John lost his banking job during the coronavirus pandemic. The pandemic was unexpected and caught almost everyone unaware. Five months into unemployment, John is now completely broke. He is desperate and decides to request a loan to assist him. There is an issue: he requested a loan from five different lenders, and all got approved. Time for payback, and John can only pay two lenders back, defaulting on the rest. This situation, with John borrowing loans from multiple lenders and defaulting on some, is what Yutars is trying to prevent. How? By providing John's credit data to lenders.
Yutars wants to revolutionize the credit data sharing space, sharing credit data with users or customers.
Speaking with co-founders John Agwu(CEO) and Wale Ayandiran(CTO), the journey for them began when they discovered some problems in the credit data sharing space. For instance, there is currently no way to be aware of a loan applicant’s recent level of credit exposure in real time. That is, there is no way to know if a potential borrower already has loans to pay back to other lenders. This is particularly very important in this digital age. There is a rising number of digital lenders in Nigeria giving loans to borrowers in no time. This makes it easy for borrowers to get loans from different lenders simultaneously, raising the possibility of borrowers defaulting on most loans.
Even worse, due to the current economic challenges, which seem like they will continue to worsen, loan default rates are increasing. Loss of jobs, government policies affecting people’s livelihoods, coronavirus, and lockdowns are making it really difficult for people to cope. As a result, they are looking for ways to get money to meet their needs.

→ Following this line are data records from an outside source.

(* Let $p<1$. For any $t\in[0,T]$ and $n\in\mathbb N$, with $\mathcal O^n_t=\{x\in\mathbb{R}^d:x^Tz\ge-1+\frac1n\ \forall z\in\mathbf S_t\}$, the map $(y,M,\mu)\mapsto\sup_{x\in\mathcal O^n_t}g^{(y,M,\mu)}(x)$ is continuous on $\Theta_t$ with respect to the metric $d_{\mathcal C}$.
   Context: Fix $T>0$, $d\ge1$, $\varepsilon\in(0,2]$. Let $\mathbb{S}^d_+$ be the symmetric positive definite $d\times d$ matrices, $\mathcal L$ the Lévy measures on $\mathbb{R}^d$, with $d^\varepsilon_{\mathcal L}(\mu,\nu)=\sup\int f\,d(\tilde\mu-\tilde\nu)$, $\tilde\mu(A)=\int_A(|z|^{2-\varepsilon}\wedge1)\mu(dz)$, sup over bounded continuous $f$ with $\sup_{z\neq\hat z}[|f(z)|\vee|f(z)-f(\hat z)|/|z-\hat z|^{\varepsilon\wedge1}]\le1$. $\mathcal C\subset\mathbb{R}^d\times\mathbb{S}^d_+\times\mathcal L$ is compact for $d_{\mathcal C}((y,M,\mu),(\hat y,\hat M,\hat\mu))=|y-\hat y|\vee\|M-\hat M\|_2\vee d^\varepsilon_{\mathcal L}(\mu,\hat\mu)$; $\Theta:[0,T]\twoheadrightarrow\mathcal C$ is a weakly measurable correspondence with closed convex values. Assume $\mathbf S_t=\bigcup_{(y,M,\mu)\in\Theta_t}\mathrm{supp}(\mu)$ is closed, there is $\kappa_t>0$ with $\{|z|\le\kappa_t^{-1}\}\subseteq\mathrm{Conv}(\mathbf S_t\cup\{0\})\subseteq\{|z|\le\kappa_t\}$, and $|y|\vee\|M\|_2\vee d^\varepsilon_{\mathcal L}(\mu,0)\le\kappa_t$ on $\Theta_t$. Let $U(x)=\log x$ if $p=0$, $x^p/p$ otherwise, and for $x$ with $x^Tz>-1$ for all $z\in\mathbf S_t$ and $(y,M,\mu)\in\Theta_t$ let $g^{(y,M,\mu)}(x)=x^Ty-\frac{1-p}2x^TMx+\int(U(1+x^Tz)-U(1)-x^Tz)\mu(dz)$. *)

theory Defs
  imports "HOL-Analysis.Analysis"
begin

type_synonym 'd triple = "(real^'d) \<times> (real^'d^'d) \<times> (real^'d) measure"

definition spd :: "real^('d::finite)^'d \<Rightarrow> bool" where
  "spd M \<longleftrightarrow> transpose M = M \<and> (\<forall>x. x \<noteq> 0 \<longrightarrow> x \<bullet> (M *v x) > 0)"

definition mnorm2 :: "real^('d::finite)^'d \<Rightarrow> real" where
  "mnorm2 M = onorm (\<lambda>x. M *v x)"

definition levy :: "(real^('d::finite)) measure \<Rightarrow> bool" where
  "levy \<mu> \<longleftrightarrow> sets \<mu> = sets borel \<and> emeasure \<mu> {0} = 0 \<and>
     (\<integral>\<^sup>+ z. ennreal (min ((norm z)\<^sup>2) 1) \<partial>\<mu>) < \<infinity>"

text \<open>Weight |z|^(2-eps) min 1 defining the finite measure mu-tilde.\<close>
definition wt :: "real \<Rightarrow> real^('d::finite) \<Rightarrow> real" where
  "wt eps z = min (norm z powr (2 - eps)) 1"

definition testf :: "real \<Rightarrow> (real^('d::finite) \<Rightarrow> real) set" where
  "testf eps = {f. continuous_on UNIV f \<and> bounded (range f) \<and>
     (\<forall>z zh. z \<noteq> zh \<longrightarrow> \<bar>f z\<bar> \<le> 1 \<and> \<bar>f z - f zh\<bar> \<le> norm (z - zh) powr (min eps 1))}"

text \<open>The (extended) metric d^eps_L; it is infinite when one of the tilde-measures
  is not finite (then the supremum is infinite anyway, taking f = 1).\<close>
definition dL :: "real \<Rightarrow> (real^('d::finite)) measure \<Rightarrow> (real^'d) measure \<Rightarrow> ereal" where
  "dL eps \<mu> \<nu> =
     (if \<mu> = \<nu> then 0
      else if integrable \<mu> (wt eps) \<and> integrable \<nu> (wt eps)
      then (SUP f \<in> testf eps. ereal ((\<integral>z. f z * wt eps z \<partial>\<mu>) - (\<integral>z. f z * wt eps z \<partial>\<nu>)))
      else \<infinity>)"

definition dC :: "real \<Rightarrow> ('d::finite) triple \<Rightarrow> ('d::finite) triple \<Rightarrow> ereal" where
  "dC eps a b = (case a of (y, M, \<mu>) \<Rightarrow> case b of (yh, Mh, \<mu>h) \<Rightarrow>
     max (max (ereal (norm (y - yh))) (ereal (mnorm2 (M - Mh)))) (dL eps \<mu> \<mu>h))"

definition dC_compact :: "real \<Rightarrow> ('d::finite) triple set \<Rightarrow> bool" where
  "dC_compact eps C \<longleftrightarrow> (\<forall>s::nat \<Rightarrow> _. range s \<subseteq> C \<longrightarrow>
     (\<exists>l\<in>C. \<exists>r. strict_mono r \<and> ((\<lambda>k::nat. dC eps (s (r k)) l) \<longlongrightarrow> 0) sequentially))"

Enter loans to help them, and many of them, unfortunately, lack the capacity to pay back.
We spoke with the CTO, Wale Ayandiran, who spearheaded the development of Yutars’ architecture, designed to aggregate and analyze credit data securely. The platform has:
Onboarded 12+ credit lenders, including major digital lenders and microfinance institutions
Processed over 500,000 credit applications in 18 months, with an estimated worth of $9.3 million in financial data
Reduced default risks by 40% for partnered lenders through real-time exposure alerts
Yutars’s engineering team also built tools for non-tech lenders, such as SMS-based integration and simplified dashboards, ensuring even informal institutions could participate. “Our goal was inclusivity,” Wale notes. “We didn’t want infrastructure gaps to exclude smaller lenders from the ecosystem.”

This is what Yutars aims to solve. The company wants to help African lenders know in real time about every loan request a borrower has made so that they won't have to simultaneously fund a borrower beyond the borrower's capacity to pay back. But it does not stop at helping lenders alone. The startup also wants to educate borrowers and provide tools that help them effectively manage their personal finances.
The startup currently has four employees, two of whom have domain knowledge and the remaining two are software engineers with proven track records.
According to John Agwu, “We want to approach the problem dynamically, addressing different specific niches of lenders.”
At the moment, there is a beta version for lenders giving loans to Federal Government of Nigeria workers with IPPIS. Here's the beta link: https://yutars.com//
To clarify, Yutars is not just a lending tool. The startup offers borrowers a free financial literacy application, including debt management, repayment calculators, and reminder alerts. “Overborrowing often stems from desperation, not recklessness,” says John Agwu. “By empowering borrowers with knowledge and tools to manage their debt, we’re fostering responsible credit behavior.”